Before we get started, a quick public service announcement.

Next week, I’ll travel to keynote a private event, and to support a hackathon about generative AI for all the employees of a forward-looking consulting company in Italy.

Hence, Synthetic Work takes a break. It will be back for the last Free and Splendid editions of the year on December 29.

If AI was a normal field, this break would also align well with the typical lack of progress during the holidays. But AI is not a normal field. It’s entirely possible that, while the world celebrates things like Christmas and New Year’s Eve, some researchers announce a breakthrough that will change the world forever.

Because. Those. People. Never. Sleep.

If that happens, I’ll send out a This Couldn’t Wait, Could it? Edition.

If it doesn’t happen, and you still want to read something about AI, this is a great time to catch up on the past editions of Synthetic Work, now neatly displayed in a new Archive page.

Also, remember that Synthetic Work offers a Breaking News section on our website, and that will continue to be updated during the holidays.

OK. Now that we got that out of the way, let’s get to what matters.

Long-time readers of this newsletter know that, on multiple occasions, I’ve highlighted how large language models can carry a bias that subtly influences the way they generate text and, therefore, the users that depend on it

These biases can be cultural, ideological, political, racial, etc. And while the racial bias is the most evident and the hardest to tolerate in our age, I’ve expressed much more concern about the others on the list.

These models end up powering consumer-facing AI systems like ChatGPT or Claude, and enterprise-grade alternatives, privately consumed by millions of employees working across all industries.

If they are economically biased, they can manipulate our purchases, or what we think is of high value in our society. This is the most common risk we face with intentionally biased models that promote certain products or services over others in their answers to the users.

If these models are politically biased, they can manipulate the user perception about certain values that are associated with left or right parties and, potentially, influence elections.

If they are ideologically biased, they can manipulate the user perception of what’s right and wrong, potentially influencing the acceptance rate of certain corporate or government behaviors among the workforce or the general population.

Of course, none of this theoretical manipulation happens overnight. It’s a slow process that can take weeks, months, or even years to show its effects. You are probably familiar with the hypothesis that the CIA used modern art as a vehicle to promote American values and slowly influence his opponents during the Cold War.

True or not, that is an example of long-term ideologic manipulation.

Moreover, this theoretical manipulation is predicated on the fact that the users interact so much with these AI systems, anthropomorphizing them, being swayed by their synthetic voices, or their uncanny artificial empathy, that they end up trusting them more than they trust their own judgment.

It’s not unthinkable that an executive in a large company, becoming dependent on one of these AI systems, will eventually see his/her business decision-making influenced by the AI’s bias.
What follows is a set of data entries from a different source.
(* Let $\Phi=\bigwedge_{i=1}^m f_i\mid g_i$ be a system of divisibility constraints in $d$ variables with the elimination property for a total order $\preceq$ of its variables. Then (i) $|\Delta(\Phi)|\le 2m^2(d+2)$, and (ii) every coefficient and constant of every polynomial in $\Delta(\Phi)$ has bit length at most $(d+2)(\langle\|\Phi\|_\infty\rangle+1)$, i.e. $\langle\|\Delta(\Phi)\|_\infty\rangle\le(d+2)(\langle\|\Phi\|_\infty\rangle+1)$.
   Context: Linear polynomials: $f=a_1x_1+\dots+a_dx_d+c$ with integer coefficients; $\gcd(f)=\gcd(a_1,\dots,a_d,c)$; $f$ is primitive if $f\ne0$ and $\gcd(f)=1$; the primitive part of a non-zero $g$ is the unique primitive $f$ with $g=\gcd(g)f$. A system of divisibility constraints is $\Phi=\bigwedge_{i=1}^m f_i\mid g_i$ with $m\ge1$, linear $f_i\ne0$, $g_i$; $\mathrm{terms}(\Phi)=\{f_i,g_i\}$. Divisibility module: for primitive $f$, $M_f(\Phi)$ is the smallest set of linear polynomials containing $f$, closed under integer linear combinations, and such that whenever $g\mid h$ is a constraint of $\Phi$ and $b\cdot g\in M_f(\Phi)$ for some $b\in\mathbb Z$, then $b\cdot h\in M_f(\Phi)$. Leading variable: for a total order $x_1\preceq\dots\preceq x_d$, $\mathrm{lv}(f)$ is the largest variable with non-zero coefficient in $f$, and $\mathrm{lv}(f)=\bot=:x_0$ for constant $f$. Elimination property for $\preceq$: for every primitive part $f$ of a polynomial appearing as a left-hand side in $\Phi$ and every $0\le k\le d$, the set $\{g:\mathrm{lv}(g)\preceq x_k\text{ and } f\mid g\text{ appears in }\Phi\}$ is a linearly independent set forming a basis of $M_f(\Phi)\cap\mathbb Z[x_1,\dots,x_k]$. S-polynomials: for $f,g$ with $\mathrm{lv}(f)=x_l$, $\mathrm{lv}(g)=x_k$, $S(f,g)=b_k f-a_l g$ where $a_l$ is the coefficient of $x_l$ in $f$ and $b_k$ that of $x_k$ in $g$ (if $f$ is constant, $a_l:=f$; if $g$ is constant, $b_k:=g$). For primitive $f$, $\Delta_f(\Phi)$ is the smallest set containing $\mathrm{terms}(\Phi)$ such that whenever $f\mid g$ occurs in $\Phi$ and $h\in\Delta_f(\Phi)$ with $\mathrm{lv}(g)=\mathrm{lv}(h)$, then $S(g,h)\in\Delta_f(\Phi)$; $\Delta(\Phi)$ is the union of $\Delta_f(\Phi)$ over all primitive parts $f$ of polynomials in $\mathrm{terms}(\Phi)$. $\|\cdot\|_\infty$ of a set of polynomials is the maximum absolute value of their coefficients and constants; $\langle a\rangle=1+\lceil\log_2(|a|+1)\rceil$. *)

theory Defs
  imports Complex_Main
begin

text \<open>Linear polynomials in the variables x_1..x_d with integer coefficients are
represented as functions f :: nat => int, where f 0 is the constant term,
f i (1 <= i <= d) is the coefficient of x_i, and f i = 0 for i > d.
A total order on the variables is given by a rank function rk, a bijection of
{1..d} onto itself: x_i precedes x_j iff rk i <= rk j.  The bottom element
x_0 (for constants) is encoded by the index 0.\<close>

type_synonym lin = "nat \<Rightarrow> int"

definition in_vars :: "nat \<Rightarrow> lin \<Rightarrow> bool" where
  "in_vars d f \<longleftrightarrow> (\<forall>i>d. f i = 0)"

definition content :: "nat \<Rightarrow> lin \<Rightarrow> int" where
  "content d f = Gcd (f ` {0..d})"

definition primitive :: "nat \<Rightarrow> lin \<Rightarrow> bool" where
  "primitive d f \<longleftrightarrow> f \<noteq> (\<lambda>_. 0) \<and> content d f = 1"

definition prim_part :: "nat \<Rightarrow> lin \<Rightarrow> lin" where
  "prim_part d g = (\<lambda>i. g i div content d g)"

text \<open>Systems of divisibility constraints: list of pairs (f_i, g_i) meaning f_i | g_i.\<close>
type_synonym system = "(lin \<times> lin) list"

definition terms :: "system \<Rightarrow> lin set" where
  "terms \<Phi> = fst ` set \<Phi> \<union> snd ` set \<Phi>"

definition lhs_polys :: "system \<Rightarrow> lin set" where
  "lhs_polys \<Phi> = fst ` set \<Phi>"

definition wf_system :: "nat \<Rightarrow> system \<Rightarrow> bool" where
  "wf_system d \<Phi> \<longleftrightarrow> length \<Phi> \<ge> 1 \<and> (\<forall>(f, g) \<in> set \<Phi>. f \<noteq> (\<lambda>_. 0) \<and> in_vars d f \<and> in_vars d g)"

inductive_set divmod :: "system \<Rightarrow> lin \<Rightarrow> lin set" for \<Phi> f where
  base: "f \<in> divmod \<Phi> f"
| zero: "(\<lambda>_. 0) \<in> divmod \<Phi> f"
| add: "p \<in> divmod \<Phi> f \<Longrightarrow> q \<in> divmod \<Phi> f \<Longrightarrow> (\<lambda>i. p i + q i) \<in> divmod \<Phi> f"
| smult: "p \<in> divmod \<Phi> f \<Longrightarrow> (\<lambda>i. c * p i) \<in> divmod \<Phi> f"
| divc: "(g, h) \<in> set \<Phi> \<Longrightarrow> (\<lambda>i. b * g i) \<in> divmod \<Phi> f \<Longrightarrow> (\<lambda>i. b * h i) \<in> divmod \<Phi> f"

definition lv :: "(nat \<Rightarrow> nat) \<Rightarrow> nat \<Rightarrow> lin \<Rightarrow> nat" where
  "lv rk d f = (if \<forall>i\<in>{1..d}. f i = 0 then 0
     else (THE i. i \<in> {1..d} \<and> f i \<noteq> 0 \<and> (\<forall>j\<in>{1..d}. f j \<noteq> 0 \<longrightarrow> rk j \<le> rk i)))"

definition lv_rank :: "(nat \<Rightarrow> nat) \<Rightarrow> nat \<Rightarrow> lin \<Rightarrow> nat" where
  "lv_rank rk d f = (if lv rk d f = 0 then 0 else rk (lv rk d f))"

text \<open>coefficient of the leading variable; the constant itself if f is constant\<close>
definition lc :: "(nat \<Rightarrow> nat) \<Rightarrow> nat \<Rightarrow> lin \<Rightarrow> int" where
  "lc rk d f = f (lv rk d f)"

definition spoly :: "(nat \<Rightarrow> nat) \<Rightarrow> nat \<Rightarrow> lin \<Rightarrow> lin \<Rightarrow> lin" where
  "spoly rk d f g = (\<lambda>i. lc rk d g * f i - lc rk d f * g i)"

definition int_span :: "lin set \<Rightarrow> lin set" where
  "int_span S = {h. \<exists>c. h = (\<lambda>i. \<Sum>g\<in>S. c g * g i)}"

definition lin_indep :: "lin set \<Rightarrow> bool" where
  "lin_indep S \<longleftrightarrow> (\<forall>c. (\<forall>i. (\<Sum>g\<in>S. c g * g i) = 0) \<longrightarrow> (\<forall>g\<in>S. c g = 0))"

text \<open>Z[x_1,...,x_k]: polynomials in the k smallest variables of the order\<close>
definition poly_upto :: "(nat \<Rightarrow> nat) \<Rightarrow> nat \<Rightarrow> nat \<Rightarrow> lin set" where
  "poly_upto rk d k = {g. in_vars d g \<and> (\<forall>i\<in>{1..d}. rk i > k \<longrightarrow> g i = 0)}"

definition elimination_property :: "(nat \<Rightarrow> nat) \<Rightarrow> nat \<Rightarrow> system \<Rightarrow> bool" where
  "elimination_property rk d \<Phi> \<longleftrightarrow>
    (\<forall>f \<in> prim_part d ` lhs_polys \<Phi>. \<forall>k \<le> d.
       (let S = {g. lv_rank rk d g \<le> k \<and> (f, g) \<in> set \<Phi>} in
          lin_indep S \<and> int_span S = divmod \<Phi> f \<inter> poly_upto rk d k))"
And business decision-making can be anything, from the choice of a new supplier to the decision to enter a particular market.

So, the bias of these models matters when it comes to the focus of this newsletter: the way we work.
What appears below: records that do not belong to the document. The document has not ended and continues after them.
(* Let $n\in\{5,6,7\}$. The spanning subgraph $H$ of $P_n$ whose edges are those given by the prefix-reversals $r_4$ and $r_5$ is a disjoint union of $10$-cycles. Each such cycle consists of permutations of the same parity. Consequently, $P_n$ has an equitable proper $4$-coloring in which every color class has exactly $n!/4$ vertices. This coloring is obtained by properly $2$-coloring the cycles of $H$ consisting of even permutations with two colors, and the cycles consisting of odd permutations with two other colors.
   Context: For $n\geqslant 1$, the Pancake graph $P_n$ is the Cayley graph on the symmetric group $\mathrm{Sym}_n$, with permutations written in one-line notation $\pi=[\pi_1\pi_2\ldots\pi_n]$. Its generating set consists of the prefix-reversals $r_i$, $2\leqslant i\leqslant n$. Multiplying $\pi$ on the right by $r_i$ reverses the first $i$ entries: $\pi r_i=[\pi_i\pi_{i-1}\ldots\pi_1\pi_{i+1}\ldots\pi_n]$. Two vertices $\pi,\sigma$ are adjacent iff $\sigma=\pi r_i$ for some $2\leqslant i\leqslant n$. A proper coloring is equitable if the sizes of any two color classes differ by at most one. *)

theory Defs
  imports "HOL-Combinatorics.Permutations"
begin

text \<open>Permutations of the n-element set {0..<n}; a permutation sigma corresponds to
the one-line word [sigma 0, sigma 1, ..., sigma (n-1)].\<close>
definition sym_vertices :: "nat \<Rightarrow> (nat \<Rightarrow> nat) set" where
  "sym_vertices n = {\<sigma>. \<sigma> permutes {0..<n}}"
Of course, for people to trust these models to the point of letting them influence their decision-making, they need to be exceptionally accurate and reliable, and they must be used all the time. These models must become dependable and indispensable.

Almost one year ago, the seasoned CEO of a startup I know told me: “I use ChatGPT every day. For everything. It’s amazing.”
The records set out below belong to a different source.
text \<open>R_b is an explicit operator on J depending additively on b, and Phi(a,b) is the element
  with D(a,b) = R_(Phi(a,b)).  Together with the converse below, they identify Inder(J) with
  {R_b | b \<in> J}.\<close>
definition Rop :: "('z::comm_ring_1 \<Rightarrow> 'z) \<Rightarrow> (jidx \<Rightarrow> 'z) \<Rightarrow> (jidx \<Rightarrow> 'z) \<Rightarrow> (jidx \<Rightarrow> 'z)" where
"Rop d b c = (\<lambda>k. case k of
     One \<Rightarrow> - (2 * b One * d (c One)) + b X * c X - b X1 * c X1 - b X2 * c X2
         + b X3 * c X3
   | W1 \<Rightarrow> - (2 * b One * d (c W1)) - b W2 * c W3 + b W3 * c W2 - b X1 * d (c X)
         + d (b X1) * c X + b X2 * c X3 - b X3 * c X2
   | W2 \<Rightarrow> - (2 * b One * d (c W2)) - b W1 * c W3 - b W3 * c W1 - b X1 * c X3
         - b X2 * d (c X) + d (b X2) * c X + b X3 * c X1
   | W3 \<Rightarrow> - (2 * b One * d (c W3)) - b W1 * c W2 - b W2 * c W1 - b X1 * c X2
         + b X2 * c X1 - b X3 * d (c X) + d (b X3) * c X
   | X \<Rightarrow> - (2 * b One * d (c X)) + d (b One) * c X - b X1 * c W1 - b X2 * c W2
         + b X3 * c W3
   | X1 \<Rightarrow> - (2 * b One * d (c X1)) - d (b One) * c X1 + d (b W1) * c X - b W2 * c X3
         + b W3 * c X2 - b X * c W1 - b X1 * d (c One) + b X2 * d (c W3) - b X3 * d (c W2)
   | X2 \<Rightarrow> - (2 * b One * d (c X2)) - d (b One) * c X2 - b W1 * c X3 - d (b W2) * c X
         - b W3 * c X1 - b X * c W2 - b X1 * d (c W3) - b X2 * d (c One) + b X3 * d (c W1)
   | X3 \<Rightarrow> - (2 * b One * d (c X3)) - d (b One) * c X3 - b W1 * c X2 - b W2 * c X1
         - d (b W3) * c X - b X * c W3 - b X1 * d (c W2) + b X2 * d (c W1) - b X3 * d (c One))"

definition Phi :: "('z::comm_ring_1 \<Rightarrow> 'z) \<Rightarrow> (jidx \<Rightarrow> 'z) \<Rightarrow> (jidx \<Rightarrow> 'z) \<Rightarrow> (jidx \<Rightarrow> 'z)" where
"Phi d a b = (\<lambda>k. case k of
     One \<Rightarrow> a X * b X
   | W1 \<Rightarrow> a W2 * b W3 - a W3 * b W2 + (a X * b X1 + a X1 * b X)
   | W2 \<Rightarrow> a W1 * b W3 - a W3 * b W1 - (a X * b X2 + a X2 * b X)
   | W3 \<Rightarrow> a W1 * b W2 - a W2 * b W1 - (a X * b X3 + a X3 * b X)
   | X \<Rightarrow> d (a One) * b X - a X * d (b One) + (a W1 * b X1 - a X1 * b W1)
         + (a W2 * b X2 - a X2 * b W2) - (a W3 * b X3 - a X3 * b W3)
   | X1 \<Rightarrow> a W1 * b X - a X * b W1
   | X2 \<Rightarrow> a W2 * b X - a X * b W2
   | X3 \<Rightarrow> a W3 * b X - a X * b W3)"

lemma (in ring_derivation) Dop_eq_Rop_Phi:
  assumes "jhom p a" "jhom q b"
  shows "Dop d (p \<and> q) a b = Rop d (Phi d a b)"
proof (intro ext)
  fix c k
  show "Dop d (p \<and> q) a b c k = Rop d (Phi d a b) c k"
    using assms
    by (cases p; cases q; cases k)
       (simp_all add: Dop_def jmul_table jmulc_def Rop_def Phi_def jhom_even jhom_odd
          d_add d_mult algebra_simps)
qed

lemma (in ring_derivation) Phi_jsing:
  "Phi d (jsing X u) (jsing X 1) = jsing One u"
  "Phi d (jsing W2 u) (jsing W3 1) = jsing W1 u"
  "Phi d (jsing W1 u) (jsing W3 1) = jsing W2 u"
  "Phi d (jsing W1 u) (jsing W2 1) = jsing W3 u"
  "Phi d (jsing W1 u) (jsing X1 1) = jsing X u"
  "Phi d (jsing W1 u) (jsing X 1) = jsing X1 u"
  "Phi d (jsing W2 u) (jsing X 1) = jsing X2 u"
  "Phi d (jsing W3 u) (jsing X 1) = jsing X3 u"
  by (rule ext; simp add: Phi_def jsing_def split: jidx.split)+

lemma (in ring_derivation) Rop_jsing_as_Dop:
  "Rop d (jsing One u) = Dop d (True \<and> True) (jsing X u) (jsing X 1)"
  "Rop d (jsing W1 u) = Dop d (False \<and> False) (jsing W2 u) (jsing W3 1)"
  "Rop d (jsing W2 u) = Dop d (False \<and> False) (jsing W1 u) (jsing W3 1)"
  "Rop d (jsing W3 u) = Dop d (False \<and> False) (jsing W1 u) (jsing W2 1)"
  "Rop d (jsing X u) = Dop d (False \<and> True) (jsing W1 u) (jsing X1 1)"
  "Rop d (jsing X1 u) = Dop d (False \<and> True) (jsing W1 u) (jsing X 1)"
  "Rop d (jsing X2 u) = Dop d (False \<and> True) (jsing W2 u) (jsing X 1)"
  "Rop d (jsing X3 u) = Dop d (False \<and> True) (jsing W3 u) (jsing X 1)"
  by (subst Dop_eq_Rop_Phi; simp add: Phi_jsing)+

section \<open>The degree-zero part L_0 of K(J)\<close>

lemma sJ_pw: "sJ s = pw s"
  by (simp add: fun_eq_iff sJ_def pw_def)

lemma sG_pw: "sG s = pw (sJ s)"
  by (simp add: fun_eq_iff sG_def pw_def)

lemma vector_space_sK: "vector_space s \<Longrightarrow> vector_space (sK s)"
  unfolding vector_space_def sK_def sJ_def sG_def
  by (auto simp: fun_eq_iff split: prod.split)

definition LR :: "('z::comm_ring_1 \<Rightarrow> 'z) \<Rightarrow> (jidx \<Rightarrow> 'z) \<Rightarrow> (jidx \<Rightarrow> 'z)
                  \<Rightarrow> (jidx \<Rightarrow> 'z) \<Rightarrow> (jidx \<Rightarrow> 'z)" where
  "LR d a b = jmul d a + Rop d b"

locale ck =
  fixes smul :: "'f::field \<Rightarrow> 'z::comm_ring_1 \<Rightarrow> 'z" and d :: "'z \<Rightarrow> 'z"
  assumes hyp: "CK_hyp smul d"
begin

lemma vector_space_Z: "vector_space smul"
  and scale_mult: "smul c (x * y) = smul c x * y"
  and d_scale: "d (smul c x) = smul c (d x)"
  and two_neq_zero: "(2::'f) \<noteq> 0"
  and span_Z_dZ: "Modules.module.span smul {f * d g | f g. True} = UNIV"
  using hyp unfolding CK_hyp_def by blast+

sublocale ring_derivation d
  using hyp unfolding CK_hyp_def ring_derivation_def by blast

sublocale Z: vector_space smul by (rule vector_space_Z)
sublocale J: vector_space "sJ smul" unfolding sJ_pw by (rule vector_space_pw[OF vector_space_Z])
sublocale G: vector_space "sG smul"
  unfolding sG_pw sJ_pw by (rule vector_space_pw[OF vector_space_pw[OF vector_space_Z]])
sublocale K: vector_space "sK smul" by (rule vector_space_sK[OF vector_space_Z])

text \<open>Scalars act on Z by multiplication with a d-constant element; this makes the product
  and the operators R_b F-linear.\<close>
lemma scalar_as_mult:
  obtains k where "\<And>x. smul c x = k * x" "\<And>x. d (k * x) = k * d x" "\<And>x. d (x * k) = k * d x"
proof (rule that)
  show as_mult: "smul c x = smul c 1 * x" for x
    using scale_mult[of c 1 x] by simp
  show "d (smul c 1 * x) = smul c 1 * d x" for x
    using d_scale[of c x] by (simp only: as_mult[of x] as_mult[of "d x"])
  then show "d (x * smul c 1) = smul c 1 * d x" for x
    by (simp add: mult.commute)
qed

lemma jmul_add_left: "jmul d (a + a') = jmul d a + jmul d a'"
  by (intro ext) (simp add: jmul_table jmulc_def d_add algebra_simps split: jidx.split)

lemma jmul_scale_left: "jmul d (sJ smul c a) = sG smul c (jmul d a)"
proof -
  obtain k where k: "\<And>x. smul c x = k * x" "\<And>x. d (k * x) = k * d x" "\<And>x. d (x * k) = k * d x"
    using scalar_as_mult by blast
  show ?thesis
    by (intro ext) (simp add: k jmul_table jmulc_def sJ_def sG_def algebra_simps split: jidx.split)
qed

lemma jmul_zero_left: "jmul d 0 = 0"
  by (intro ext) (simp add: jmul_table jmulc_def split: jidx.split)

lemma Rop_add: "Rop d (b + b') = Rop d b + Rop d b'"
  by (intro ext) (simp add: Rop_def d_add algebra_simps split: jidx.split)

lemma Rop_scale: "Rop d (sJ smul c b) = sG smul c (Rop d b)"
proof -
  obtain k where k: "\<And>x. smul c x = k * x" "\<And>x. d (k * x) = k * d x" "\<And>x. d (x * k) = k * d x"
    using scalar_as_mult by blast
  show ?thesis
    by (intro ext) (simp add: k Rop_def sJ_def sG_def algebra_simps split: jidx.split)
qed

lemma Rop_zero: "Rop d 0 = 0"
  by (intro ext) (simp add: Rop_def split: jidx.split)

lemma LR_add: "LR d (a + a') (b + b') = LR d a b + LR d a' b'"
  by (simp add: LR_def jmul_add_left Rop_add algebra_simps)

lemma LR_scale: "LR d (sJ smul c a) (sJ smul c b) = sG smul c (LR d a b)"
  by (simp add: LR_def jmul_scale_left Rop_scale G.scale_right_distrib)

lemma LR_subspace: "G.subspace {LR d a b | a b. True}"
proof (rule G.subspaceI)
  have "0 = LR d 0 0" using LR_add[of 0 0 0 0] by simp
  then show "0 \<in> {LR d a b | a b. True}" by blast
next
  fix x y assume "x \<in> {LR d a b | a b. True}" "y \<in> {LR d a b | a b. True}"
  then obtain a b a' b' where "x = LR d a b" "y = LR d a' b'" by blast
  then have "x + y = LR d (a + a') (b + b')" by (simp add: LR_add)
  then show "x + y \<in> {LR d a b | a b. True}" by blast
next
  fix c x assume "x \<in> {LR d a b | a b. True}"
  then obtain a b where "x = LR d a b" by blast
  then have "sG smul c x = LR d (sJ smul c a) (sJ smul c b)" by (simp add: LR_scale)
  then show "sG smul c x \<in> {LR d a b | a b. True}" by blast
qed

lemma L0_eq: "L0 smul d = {LR d a b | a b. True}"
proof
  have jmul_as_LR: "jmul d a = LR d a 0" for a
    by (simp add: LR_def Rop_zero)
  have Dop_as_LR: "Dop d (p \<and> q) a b = LR d 0 (Phi d a b)" if "jhom p a" "jhom q b" for p q a b
    by (simp add: LR_def jmul_zero_left Dop_eq_Rop_Phi[OF that])
  show "L0 smul d \<subseteq> {LR d a b | a b. True}"
    unfolding L0_def
    by (rule G.span_minimal[OF _ LR_subspace]) (use jmul_as_LR Dop_as_LR in blast)
next
  let ?gens = "{jmul d a | a. True}
    \<union> {Dop d (p \<and> q) a b | p q (a :: jidx \<Rightarrow> 'z) (b :: jidx \<Rightarrow> 'z). jhom p a \<and> jhom q b}"
  have Dop_in: "Dop d (p \<and> q) a b \<in> G.span ?gens" if "jhom p a" "jhom q b" for p q a b
    by (rule G.span_base) (use that in blast)
  have Rop_jsing_in: "Rop d (jsing i u) \<in> G.span ?gens" for i u
    by (cases i; simp only: Rop_jsing_as_Dop; rule Dop_in; simp)
  have "Rop d b \<in> G.span ?gens" for b
    by (subst jsing_decomp) (simp only: Rop_add, (rule G.span_add Rop_jsing_in)+)
  moreover have "jmul d a \<in> G.span ?gens" for a by (rule G.span_base) blast
  ultimately show "{LR d a b | a b. True} \<subseteq> L0 smul d"
    unfolding L0_def LR_def using G.span_add by blast
qed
Like him, throughout 2023, Synthetic Work documented how a growing number of people are developing emotional relationships with these AI systems, and how their adoption in the workplace is accelerating.

Today, ChatGPT has about 100 million weekly active users, and more than 92% of Fortune 500 companies are using it.

Its website had 14 billion visits between September 2022 and August 2023.

Plus, ChatGPT is becoming more amazing. And so are open access models that compete with it.

We now have an increasing number of those models that are on par with OpenAI GPT-3.5-Turbo, and we are starting to see the first few models that beat GPT-4 in selected use cases.

But that’s not the only evolution to pay attention to.

If you consult the leaderboard of best performing open access models out there, diligently updated by Hugging Face, you’ll discover that in the top 10, for the first time ever, there are some models trained by Chinese researchers: Qwen-72B and Yi-34B-200K.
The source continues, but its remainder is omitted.